Army Major Gen. Paul E. Vallely similarly has been very
vocal in his opposition to the Obama administration. Vallely said the White House
won’t investigate its own officials but finds it easy to fire military
commanders “who have given their lives for their country.”
“Obama will not purge a civilian or political appointee
because they have bought into Obama’s ideology,” Vallely said. “The
White House protects their own. That’s why they stalled on the investigation
into Fast and Furious, Benghazi and Obamacare. He’s intentionally weakening and
gutting our military, Pentagon and reducing us as a superpower, and anyone in
the ranks who disagrees or speaks out is being purged.”
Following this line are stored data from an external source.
lemma rl_maxima_eq_lr_maxima_rev: "rl_maxima w = lr_maxima (rev w)"
proof -
  let ?n = "length w"
  let ?R = "{i. i < ?n \<and> (\<forall>j. i < j \<and> j < ?n \<longrightarrow> w ! j < w ! i)}"
  let ?L = "{k. k < ?n \<and> (\<forall>j<k. rev w ! j < rev w ! k)}"
  have "?R = (\<lambda>k. ?n - Suc k) ` ?L"
  proof (intro set_eqI iffI)
    fix i assume i: "i \<in> ?R"
    have "rev w ! j < rev w ! (?n - Suc i)" if "j < ?n - Suc i" for j
    proof -
      have "i < ?n - Suc j" "?n - Suc j < ?n" using that by arith+
      then show ?thesis using i that by (simp add: rev_nth)
    qed
    then have "?n - Suc i \<in> ?L" using i by auto
    moreover have "i = ?n - Suc (?n - Suc i)" using i by simp
    ultimately show "i \<in> (\<lambda>k. ?n - Suc k) ` ?L" by blast
  next
    fix i assume "i \<in> (\<lambda>k. ?n - Suc k) ` ?L"
    then obtain k where k: "k \<in> ?L" "i = ?n - Suc k" by blast
    have "w ! j < w ! i" if "i < j" "j < ?n" for j
    proof -
      have "k < ?n" using k(1) by simp
      then have "?n - Suc j < k" "k < ?n" using that k(2) by arith+
      then have "rev w ! (?n - Suc j) < rev w ! k" using k by blast
      then show ?thesis using that k by (simp add: rev_nth)
    qed
    then show "i \<in> ?R" using k by auto
  qed
  moreover have "inj_on (\<lambda>k. ?n - Suc k) ?L" by (auto simp: inj_on_def)
  ultimately show ?thesis by (simp add: rl_maxima_def lr_maxima_def card_image)
qed

lemma rl_maxima_map:
  assumes "strict_mono_on (set w) h"
  shows "rl_maxima (map h w) = rl_maxima w"
  using assms by (simp add: rl_maxima_eq_lr_maxima_rev lr_maxima_map rev_map)

lemma rl_maxima_split_max:
  assumes "\<forall>y\<in>set L \<union> set R. y < x"
  shows "rl_maxima (L @ x # R) = Suc (rl_maxima R)"
proof -
  have "\<forall>y\<in>set (rev R) \<union> set (rev L). y < x" using assms by auto
  from lr_maxima_split_max[OF this] show ?thesis by (simp add: rl_maxima_eq_lr_maxima_rev)
qed

section \<open>Sums over permutations of order-invariant functions\<close>

definition order_invariant :: "(nat list \<Rightarrow> 'a) \<Rightarrow> bool" where
  "order_invariant g \<longleftrightarrow> (\<forall>w h. strict_mono_on (set w) h \<longrightarrow> g (map h w) = g w)"

lemma order_invariant_cmult: "order_invariant g \<Longrightarrow> order_invariant (\<lambda>w. c * g w)"
  by (simp add: order_invariant_def)

definition perm_sum :: "(nat list \<Rightarrow> 'a::comm_monoid_add) \<Rightarrow> nat \<Rightarrow> 'a" where
  "perm_sum g k = (\<Sum>w\<in>permutations_of_set {0..<k}. g w)"

lemma sum_permutations_of_set_order_invariant:
  fixes g :: "nat list \<Rightarrow> 'a::comm_monoid_add"
  assumes S: "finite S" and g: "order_invariant g"
  shows "(\<Sum>w\<in>permutations_of_set S. g w) = perm_sum g (card S)"
proof -
  define xs where "xs = sorted_list_of_set S"
  define h where "h = (\<lambda>i. xs ! i)"
  have len: "length xs = card S" using S by (simp add: xs_def)
  have "sorted_wrt (<) xs" by (simp add: xs_def)
  then have mono: "strict_mono_on {0..<card S} h"
    by (intro strict_mono_onI) (auto simp: h_def sorted_wrt_iff_nth_less len)
  have "h ` {0..<card S} = set xs" by (auto simp: h_def set_conv_nth len)
  then have img: "h ` {0..<card S} = S" using S by (simp add: xs_def)
  have inj: "inj_on h {0..<card S}" using mono by (rule strict_mono_on_imp_inj_on)
  have injm: "inj_on (map h) (permutations_of_set {0..<card S})"
    by (rule inj_onI) (use inj in \<open>auto simp: permutations_of_set_def inj_on_map_eq_map\<close>)
  have "(\<Sum>w\<in>permutations_of_set S. g w) = (\<Sum>w\<in>permutations_of_set {0..<card S}. g (map h w))"
    using sum.reindex[OF injm, of g] permutations_of_set_image_inj[OF inj] img by simp
  also have "\<dots> = perm_sum g (card S)"
    unfolding perm_sum_def
  proof (rule sum.cong[OF refl])
    fix w assume "w \<in> permutations_of_set {0..<card S}"
    then have "strict_mono_on (set w) h"
      using mono by (auto simp: permutations_of_set_def intro: monotone_on_subset)
    then show "g (map h w) = g w" using g by (simp add: order_invariant_def)
  qed
  finally show ?thesis .
qed

lemma sum_permutations_of_set_split_at:
  fixes F :: "nat list \<Rightarrow> 'a::comm_monoid_add"
  assumes S: "finite S" and x: "x \<in> S"
  shows "(\<Sum>w\<in>permutations_of_set S. F w) =
    (\<Sum>T\<in>Pow (S - {x}). \<Sum>L\<in>permutations_of_set T. \<Sum>R\<in>permutations_of_set (S - {x} - T). F (L @ x # R))"
proof -
  let ?U = "S - {x}"
  let ?Q = "Sigma (Pow ?U) (\<lambda>T. permutations_of_set T \<times> permutations_of_set (?U - T))"
  let ?join = "\<lambda>(T::nat set, L, R). L @ x # R"
  have "bij_betw ?join ?Q (permutations_of_set S)"
  proof (rule bij_betwI')
    fix a b assume a: "a \<in> ?Q" and b: "b \<in> ?Q"
    obtain T L R T' L' R' where ab: "a = (T, L, R)" "b = (T', L', R')" by (cases a; cases b) auto
    have "x \<notin> set L" "x \<notin> set R" "set L = T" "set L' = T'"
      using a b ab by (auto simp: permutations_of_set_def)
    then show "(?join a = ?join b) = (a = b)"
      using ab append_Cons_eq_iff[of x L R L' R'] by auto
  next
    fix a assume "a \<in> ?Q"
    then show "?join a \<in> permutations_of_set S"
      using x by (cases a) (auto simp: permutations_of_set_def)
  next
    fix w assume w: "w \<in> permutations_of_set S"
    then have "x \<in> set w" "distinct w" "set w = S" using x by (auto simp: permutations_of_set_def)
    then obtain L R where "w = L @ x # R" by (meson split_list)
    moreover have "(set L, L, R) \<in> ?Q"
      using calculation \<open>distinct w\<close> \<open>set w = S\<close> by (auto simp: permutations_of_set_def)
    ultimately show "\<exists>a\<in>?Q. w = ?join a" by force
  qed
  then have "(\<Sum>w\<in>permutations_of_set S. F w) = (\<Sum>(T, L, R)\<in>?Q. F (L @ x # R))"
    by (simp add: sum.reindex_bij_betw[symmetric] case_prod_unfold)
  also have "\<dots> = (\<Sum>T\<in>Pow ?U. \<Sum>(L, R)\<in>permutations_of_set T \<times> permutations_of_set (?U - T). F (L @ x # R))"
    by (rule sum.Sigma[symmetric]) (use S in auto)
  finally show ?thesis by (simp add: sum.cartesian_product)
qed
text \<open>Translations by elements of \<open>H\<close> are injective maps of the finite set \<open>H\<close> into itself,
  hence onto.\<close>
lemma subloopI:
  assumes "finite Q" and "H \<subseteq> Q" and "e \<in> H"
    and closed: "\<And>a b. a \<in> H \<Longrightarrow> b \<in> H \<Longrightarrow> m a b \<in> H"
  shows "subloop Q m e H"
proof -
  have "finite H" using assms(1,2) by (rule finite_subset[rotated])
  have left: "y \<in> H" if "a \<in> H" "b \<in> H" "y \<in> Q" "m a y = b" for a b y
  proof -
    have "inj_on (m a) H"
    proof (rule inj_onI)
      fix y z assume "y \<in> H" "z \<in> H" "m a y = m a z"
      then show "y = z" using left_cancel[of a y z] \<open>a \<in> H\<close> \<open>H \<subseteq> Q\<close> by blast
    qed
    moreover have "m a ` H \<subseteq> H" using closed \<open>a \<in> H\<close> by blast
    ultimately have "b \<in> m a ` H" using endo_inj_surj[OF \<open>finite H\<close>] \<open>b \<in> H\<close> by blast
    then obtain y' where "y' \<in> H" "m a y' = b" by blast
    then show ?thesis using that left_cancel[of a y y'] \<open>H \<subseteq> Q\<close> by auto
  qed
  have right: "y \<in> H" if "a \<in> H" "b \<in> H" "y \<in> Q" "m y a = b" for a b y
  proof -
    have "inj_on (\<lambda>y. m y a) H"
    proof (rule inj_onI)
      fix y z assume "y \<in> H" "z \<in> H" "m y a = m z a"
      then show "y = z" using right_cancel[of a y z] \<open>a \<in> H\<close> \<open>H \<subseteq> Q\<close> by blast
    qed
    moreover have "(\<lambda>y. m y a) ` H \<subseteq> H" using closed \<open>a \<in> H\<close> by blast
    ultimately have "b \<in> (\<lambda>y. m y a) ` H" using endo_inj_surj[OF \<open>finite H\<close>] \<open>b \<in> H\<close> by blast
    then obtain y' where "y' \<in> H" "m y' a = b" by blast
    then show ?thesis using that right_cancel[of a y y'] \<open>H \<subseteq> Q\<close> by auto
  qed
  show ?thesis
    unfolding subloop_def using assms(2,3) closed left right by blast
qed

lemma lpow_closed: "x \<in> Q \<Longrightarrow> lpow m e x k \<in> Q"
  by (induction k) (simp_all add: unit_closed mult_closed)

lemma lpow_one: "x \<in> Q \<Longrightarrow> lpow m e x 1 = x"
  by (simp add: right_unit)

lemma lpow_eq_imp_unit:
  assumes "x \<in> Q" and "i < j" and "lpow m e x i = lpow m e x j"
  shows "lpow m e x (j - i) = e"
proof -
  have "lpow m e x (k + (j - i)) = lpow m e x k \<Longrightarrow> lpow m e x (j - i) = e" for k
  proof (induction k)
    case (Suc k)
    then have "m x (lpow m e x (k + (j - i))) = m x (lpow m e x k)" by simp
    then show ?case
      using Suc.IH left_cancel[OF assms(1) lpow_closed[OF assms(1)] lpow_closed[OF assms(1)]] by simp
  qed simp
  from this[of i] show ?thesis using assms(2,3) by simp
qed

text \<open>Junk unless some positive power of \<open>x\<close> is \<open>e\<close>, hence the finiteness assumption below.\<close>
definition ord :: "'a \<Rightarrow> nat" where
  "ord x = (LEAST d. 0 < d \<and> lpow m e x d = e)"

context
  fixes x
  assumes finite: "finite Q" and x: "x \<in> Q"
begin

lemma lpow_eq_unit_ex: "\<exists>d>0. lpow m e x d = e"
proof (rule ccontr)
  assume no_unit: "\<not> (\<exists>d>0. lpow m e x d = e)"
  have "inj_on (lpow m e x) {..card Q}"
  proof (rule linorder_inj_onI')
    fix i j :: nat assume "i < j"
    then show "lpow m e x i \<noteq> lpow m e x j"
      using no_unit lpow_eq_imp_unit[OF x, of i j] zero_less_diff[of j i] by blast
  qed
  then have "card {..card Q} \<le> card Q"
    using card_inj_on_le[OF _ _ finite] lpow_closed[OF x] by blast
  then show False by simp
qed

lemma ord_pos: "0 < ord x"
  and lpow_ord: "lpow m e x (ord x) = e"
  using LeastI_ex[OF lpow_eq_unit_ex] by (simp_all add: ord_def)

lemma ord_least: "0 < d \<Longrightarrow> lpow m e x d = e \<Longrightarrow> ord x \<le> d"
  unfolding ord_def by (rule Least_le) simp

lemma lpow_mod_ord: "lpow m e x k = lpow m e x (k mod ord x)"
proof (induction k rule: less_induct)
  case (less k)
  show ?case
  proof (cases "k < ord x")
    case False
    have shift: "lpow m e x (j + ord x) = lpow m e x j" for j
      by (induction j) (simp_all add: lpow_ord)
    have "lpow m e x k = lpow m e x (k - ord x)"
      using shift[of "k - ord x"] False by simp
    also have "\<dots> = lpow m e x (k mod ord x)"
      using less.IH[of "k - ord x"] ord_pos False by (simp add: le_mod_geq)
    finally show ?thesis .
  qed simp
qed

lemma inj_on_lpow_ord: "inj_on (lpow m e x) {..<ord x}"
proof (rule linorder_inj_onI')
  fix i j assume "i \<in> {..<ord x}" "j \<in> {..<ord x}" "i < j"
  then show "lpow m e x i \<noteq> lpow m e x j"
    using lpow_eq_imp_unit[OF x, of i j] ord_least[of "j - i"] by auto
qed

lemma range_lpow: "range (lpow m e x) = lpow m e x ` {..<ord x}"
proof -
  have "lpow m e x k \<in> lpow m e x ` {..<ord x}" for k
    using lpow_mod_ord[of k] mod_less_divisor[OF ord_pos] by simp
  then show ?thesis by (intro subset_antisym) auto
qed

lemma range_lpow_from_one: "range (lpow m e x) = lpow m e x ` {1..ord x}"
proof -
  have "lpow m e x k \<in> lpow m e x ` {1..ord x}" if "k < ord x" for k
  proof (cases "k = 0")
    case True
    then show ?thesis
      using lpow_ord ord_pos image_eqI[of e "lpow m e x" "ord x" "{1..ord x}"] by simp
  qed (use that in auto)
  then show ?thesis using range_lpow by (intro subset_antisym) auto
qed

lemma card_range_lpow: "card (range (lpow m e x)) = ord x"
  using range_lpow inj_on_lpow_ord by (simp add: card_image)

lemma range_lpow_subset: "range (lpow m e x) \<subseteq> Q"
  using lpow_closed[OF x] by blast
lemma Kpay_eq_std_normal_cdf:
  assumes sx: "sx > 0" and sy: "sy > 0" and r: "-1 < r" "r < 1" and ab: "a \<noteq> b"
  defines "c \<equiv> payoff_threshold sx sy r a b"
  shows "Kpay sx sy r a b = (fst a + snd a) * std_normal_cdf c + (fst b + snd b) * std_normal_cdf (- c)"
proof -
  obtain a1 a2 b1 b2 where a: "a = (a1, a2)" and b: "b = (b1, b2)" by fastforce
  define u1 where "u1 = b1 - a1"
  define u2 where "u2 = b2 - a2"
  have u: "u1 \<noteq> 0 \<or> u2 \<noteq> 0" "-u1 \<noteq> 0 \<or> -u2 \<noteq> 0" using ab unfolding a b u1_def u2_def by auto
  have C1_halfplane: "C1 a b = {z. u1 * fst z + u2 * snd z < bisector_offset a b}"
    unfolding C1_def bisector_offset_def a b u1_def u2_def by (auto simp: power2_eq_square algebra_simps)
  have P1: "measure (bvn sx sy r) (C1 a b) = std_normal_cdf c"
    unfolding measure_def C1_halfplane emeasure_bvn_halfplane[OF sx sy r u(1)] c_def payoff_threshold_def
    by (simp add: std_normal_cdf_nonneg a b u1_def u2_def)
  have C2_halfplane: "C2 a b = {z. (-u1) * fst z + (-u2) * snd z < - bisector_offset a b}"
    unfolding C2_def bisector_offset_def a b u1_def u2_def by (auto simp: power2_eq_square field_simps)
  have P2: "measure (bvn sx sy r) (C2 a b) = std_normal_cdf (- c)"
    unfolding measure_def C2_halfplane emeasure_bvn_halfplane[OF sx sy r u(2)] c_def payoff_threshold_def cov_form_uminus
    by (simp add: std_normal_cdf_nonneg a b u1_def u2_def)
  show ?thesis unfolding Kpay_def using ab P1 P2 by simp
qed
lemma expectation_mmp_alg_ge:
  assumes inst: "mmp_instance T U V E p x f"
  shows "(1 - exp (-1)) * multilinear_ext E f x \<le> measure_pmf.expectation (mmp_alg T V E p x) f"
proof -
  note E = mmp_instanceD[OF inst]
  have f: "monotone_submodular_on E f" and T: "1 \<le> T"
    using inst by (simp_all add: mmp_instance_def)
  define c where "c = 1 - (1 - 1 / real T) ^ T"
  have c: "0 \<le> c" "c \<le> 1" using T by (auto simp: c_def power_le_one)
  have "1 - exp (-1) \<le> c"
    using T exp_ge_one_minus_x_over_n_power_n[of 1 T] by (simp add: c_def)
  moreover have "0 \<le> multilinear_ext E f x"
    using E(2) by (intro multilinear_ext_nonneg monotone_submodular_onD(1)[OF f])
  ultimately have "(1 - exp (-1)) * multilinear_ext E f x \<le> c * multilinear_ext E f x"
    by (rule mult_right_mono)
  also have "\<dots> \<le> multilinear_ext E f (\<lambda>e. c * x e)"
    by (rule multilinear_ext_scale_ge[OF E(1) f E(2) c])
  also have "\<dots> = multilinear_ext E f (relaxed_state x {} c)"
    by (rule multilinear_ext_cong) (simp add: relaxed_state_def)
  also have "\<dots> \<le> measure_pmf.expectation (mmp_from (round_pmf T V E p x) T {}) f"
    unfolding c_def using T
    by (intro relaxed_state_le_expectation_mmp_from[OF E(1) f E(2,3) _ _ set_pmf_round_pmf[OF inst]])
      (simp_all add: pmf_round_pmf_Some[OF inst])
  finally show ?thesis by (simp add: mmp_alg_def mmp_run_eq_mmp_from)
qed
(* For every tree $T$, $\operatorname{diam}(\mathcal{C}_3(T))$ equals the maximum of $\|h\|_1$ over all balanced labelings $h$ of $T$.
   Context: Let $T$ be a finite tree with vertex set $V$ and edge set $E$. A proper 3-coloring of $T$ is a map $f\colon V\to\mathbb{Z}/3\mathbb{Z}$ with $f(u)\neq f(v)$ for every edge $uv\in E$. The 3-coloring graph $\mathcal{C}_3(T)$ has the proper 3-colorings as vertices, two colorings adjacent iff they differ at exactly one vertex. A labeling of $T$ is a map $h\colon V\to\mathbb{Z}$ with $|h(u)-h(v)|\le 1$ for every edge $uv\in E$; $\|h\|_1=\sum_{v\in V}|h(v)|$, and $h+m$ denotes $v\mapsto h(v)+m$. A labeling $h$ is balanced if $\|h\|_1\le\|h+3m\|_1$ for all $m\in\mathbb{Z}$. *)

theory Defs
  imports Main "HOL-Library.FuncSet" "HOL-Library.Extended_Nat"
begin

definition is_path :: "'a set \<Rightarrow> 'a set set \<Rightarrow> 'a list \<Rightarrow> bool" where
  "is_path V E ps \<longleftrightarrow> ps \<noteq> [] \<and> set ps \<subseteq> V \<and>
     (\<forall>i. i + 1 < length ps \<longrightarrow> {ps ! i, ps ! (i+1)} \<in> E)"

definition is_cycle :: "'a set \<Rightarrow> 'a set set \<Rightarrow> 'a list \<Rightarrow> bool" where
  "is_cycle V E cs \<longleftrightarrow> length cs \<ge> 3 \<and> distinct cs \<and> is_path V E cs \<and> {last cs, hd cs} \<in> E"

definition is_tree :: "'a set \<Rightarrow> 'a set set \<Rightarrow> bool" where
  "is_tree V E \<longleftrightarrow> finite V \<and> V \<noteq> {} \<and>
     (\<forall>e\<in>E. \<exists>u v. e = {u, v} \<and> u \<in> V \<and> v \<in> V \<and> u \<noteq> v) \<and>
     (\<forall>u\<in>V. \<forall>v\<in>V. \<exists>ps. is_path V E ps \<and> hd ps = u \<and> last ps = v) \<and>
     (\<nexists>cs. is_cycle V E cs)"

text \<open>Proper 3-colourings, colours in Z/3Z represented by {0,1,2}; extensional outside V.\<close>
definition proper3 :: "'a set \<Rightarrow> 'a set set \<Rightarrow> ('a \<Rightarrow> nat) \<Rightarrow> bool" where
  "proper3 V E f \<longleftrightarrow> f \<in> V \<rightarrow>\<^sub>E {0, 1, 2} \<and> (\<forall>u v. {u, v} \<in> E \<longrightarrow> f u \<noteq> f v)"

definition cadj :: "'a set \<Rightarrow> ('a \<Rightarrow> nat) \<Rightarrow> ('a \<Rightarrow> nat) \<Rightarrow> bool" where
  "cadj V f g \<longleftrightarrow> card {v \<in> V. f v \<noteq> g v} = 1"

definition cwalk :: "'a set \<Rightarrow> 'a set set \<Rightarrow> ('a \<Rightarrow> nat) list \<Rightarrow> bool" where
  "cwalk V E fs \<longleftrightarrow> fs \<noteq> [] \<and> (\<forall>f\<in>set fs. proper3 V E f) \<and>
     (\<forall>i. i + 1 < length fs \<longrightarrow> cadj V (fs ! i) (fs ! (i+1)))"

text \<open>Graph distance in C_3(T) (infinity if not connected).\<close>
definition cdist :: "'a set \<Rightarrow> 'a set set \<Rightarrow> ('a \<Rightarrow> nat) \<Rightarrow> ('a \<Rightarrow> nat) \<Rightarrow> enat" where
  "cdist V E f g = (INF fs \<in> {fs. cwalk V E fs \<and> hd fs = f \<and> last fs = g}. enat (length fs - 1))"

definition cdiam :: "'a set \<Rightarrow> 'a set set \<Rightarrow> enat" where
  "cdiam V E = (SUP p \<in> {(f, g). proper3 V E f \<and> proper3 V E g}. cdist V E (fst p) (snd p))"

definition is_labeling :: "'a set set \<Rightarrow> ('a \<Rightarrow> int) \<Rightarrow> bool" where
  "is_labeling E h \<longleftrightarrow> (\<forall>u v. {u, v} \<in> E \<longrightarrow> \<bar>h u - h v\<bar> \<le> 1)"

definition l1norm :: "'a set \<Rightarrow> ('a \<Rightarrow> int) \<Rightarrow> int" where
  "l1norm V h = (\<Sum>v\<in>V. \<bar>h v\<bar>)"

definition balanced :: "'a set \<Rightarrow> ('a \<Rightarrow> int) \<Rightarrow> bool" where
  "balanced V h \<longleftrightarrow> (\<forall>m::int. l1norm V h \<le> l1norm V (\<lambda>v. h v + 3 * m))"

end

theory Submission
  imports Defs
begin

text \<open>
  A proper 3-colouring of a tree lifts to a height function \<phi> : V \<rightarrow> \<int>, i.e. one with
  \<bar>\<phi> u - \<phi> v\<bar> = 1 along edges, whose colours are the residues \<phi> v mod 3; the lift is unique up to
  adding a multiple of 3. Recolouring a single vertex v amounts to moving \<phi> v by \<plusminus>2, which is
  possible exactly when all neighbours of v lie on the same side of \<phi> v.

  Take lifts \<phi> of f and \<psi> of g with \<psi> - \<phi> even. Then h = (\<psi> - \<phi>) / 2 is a labeling, and the
  lifts \<psi> + 6m of g replace h by h + 3m. Moving \<phi> towards \<psi> at an extremal vertex where they
  differ (a lowest one where \<phi> < \<psi>, or a highest one where \<phi> > \<psi>) walks from f to g in
  \<parallel>h\<parallel> steps; choosing m so that h + 3m is balanced bounds the distance by the norm of a
  balanced labeling. Conversely, lifting a walk from f to g step by step ends in a lift \<phi> + 2h' of g
  with \<parallel>h'\<parallel> at most the length of the walk, and h' = h + 3m for some m, so the walk is at least as
  long as the balanced representative h. Every labeling arises in this way, because a labeling h of
  a tree lifts to a pair of height functions \<phi>, \<phi> + 2h.
\<close>

section \<open>Paths and trees\<close>

lemma is_path_ConsD:
  assumes "is_path V E (x # xs)" "xs \<noteq> []"
  shows "is_path V E xs" "{x, hd xs} \<in> E"
proof -
  show "{x, hd xs} \<in> E" using assms unfolding is_path_def by (cases xs) fastforce+
  show "is_path V E xs" unfolding is_path_def
  proof (intro conjI allI impI)
    show "set xs \<subseteq> V" using assms(1) unfolding is_path_def by auto
    fix i assume "i + 1 < length xs"
    then have "Suc i + 1 < length (x # xs)" by simp
    then show "{xs ! i, xs ! (i + 1)} \<in> E" using assms(1) unfolding is_path_def by fastforce
  qed fact
qed

lemma is_path_snoc:
  assumes "is_path V E ps" "w \<in> V" "{last ps, w} \<in> E"
  shows "is_path V E (ps @ [w])"
  unfolding is_path_def
proof (intro conjI allI impI)
  show "set (ps @ [w]) \<subseteq> V" using assms unfolding is_path_def by auto
  fix i assume i: "i + 1 < length (ps @ [w])"
  show "{(ps @ [w]) ! i, (ps @ [w]) ! (i + 1)} \<in> E"
  proof (cases "i + 1 < length ps")
    case True
    then show ?thesis using assms(1) unfolding is_path_def by (simp add: nth_append)
  next
    case False
    then have "i = length ps - 1" using i by simp
    moreover have "ps \<noteq> []" using assms(1) unfolding is_path_def by simp
    ultimately show ?thesis using assms(3) by (simp add: nth_append last_conv_nth)
  qed
qed simp

lemma is_path_drop:
  assumes "is_path V E ps" "i < length ps"
  shows "is_path V E (drop i ps)"
  unfolding is_path_def
proof (intro conjI allI impI)
  show "drop i ps \<noteq> []" using assms(2) by simp
  show "set (drop i ps) \<subseteq> V" using assms(1) unfolding is_path_def by (meson order_trans set_drop_subset)
  fix j assume "j + 1 < length (drop i ps)"
  then have "(i + j) + 1 < length ps" by simp
  then show "{drop i ps ! j, drop i ps ! (j + 1)} \<in> E"
    using assms unfolding is_path_def by (simp add: add.assoc)
qed

lemma is_cycle_mono: "is_cycle V' E' cs \<Longrightarrow> V' \<subseteq> V \<Longrightarrow> E' \<subseteq> E \<Longrightarrow> is_cycle V E cs"
  unfolding is_cycle_def is_path_def by blast

lemma is_path_last_invariant:
  assumes "is_path V E ps" "\<And>u v. {u, v} \<in> E \<Longrightarrow> P u \<Longrightarrow> P v" "P (hd ps)"
  shows "P (last ps)"
  using assms
proof (induction ps)
  case (Cons x xs)
  show ?case
  proof (cases "xs = []")
    case False
    with Cons.prems is_path_ConsD[OF Cons.prems(1) False] show ?thesis
      using Cons.IH by simp
  qed (use Cons.prems in simp)
qed (simp add: is_path_def)
(* Given w and z, we build a smooth increasing bijection t of the reals with t w = z such that
   x ~_F t x for every x < w.  Left of w, t is glued from infinitely many steps s_AB with rational
   corners (p_i, q_i), where p_i increases to w and q_i to z; right of w it continues by unit steps.
   The steps near w become ever steeper, but their rises shrink so fast that every derivative
   series still converges uniformly, so t is C^infinity.  Since f o t and f agree below w for
   f x = [x], any T_3-anonymous predictor satisfies P f z = P f (t w) = P (f o t) w = P f w. *)

theory Submission
  imports Defs "HOL-Computational_Algebra.Polynomial"
begin

section \<open>Smooth real functions\<close>

coinductive smooth :: "(real \<Rightarrow> real) \<Rightarrow> bool" where
  smoothI: "(\<And>x. (f has_real_derivative f' x) (at x)) \<Longrightarrow> smooth f' \<Longrightarrow> smooth f"

lemma smooth_DERIV: "smooth f \<Longrightarrow> (f has_real_derivative deriv f x) (at x)"
  by (metis smooth.cases DERIV_imp_deriv)

lemma smooth_deriv:
  assumes "smooth f" shows "smooth (deriv f)"
proof -
  obtain f' where f': "\<And>x. (f has_real_derivative f' x) (at x)" "smooth f'"
    using assms by cases auto
  then have "deriv f = f'" by (auto intro!: ext DERIV_imp_deriv)
  with f' show ?thesis by simp
qed

lemma smooth_higher_deriv: "smooth f \<Longrightarrow> smooth ((deriv ^^ k) f)"
  by (induction k) (auto intro: smooth_deriv)

lemma smooth_higher_DERIV:
  "smooth f \<Longrightarrow> ((deriv ^^ k) f has_real_derivative (deriv ^^ Suc k) f x) (at x)"
  by (simp add: smooth_DERIV smooth_higher_deriv)

lemma smooth_deriv_sequence:
  assumes D: "\<And>k x. (D k has_real_derivative D (Suc k) x) (at x)"
  shows "smooth (D k)" and "(deriv ^^ k) (D 0) = D k"
proof -
  have "smooth g" if "g = D k" for g k
    using that by (coinduction arbitrary: g k) (use D in blast)
  then show "smooth (D k)" by blast
  show "(deriv ^^ k) (D 0) = D k"
    by (induction k) (auto intro!: ext DERIV_imp_deriv D)
qed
Vallely served in the Vietnam War and retired in 1993 as
deputy Commanding General, Pacific Command. Today, he is chairman of the
Military Committee for the Center for Security Policy and is co-author of the
book “Endgame: The Blueprint for Victory in the War on Terror.”
Duty personnel seem to back up this concern, suggesting
that the firings are meant to send a message to “young officers down through
the ranks” not to criticize the president or White House politics.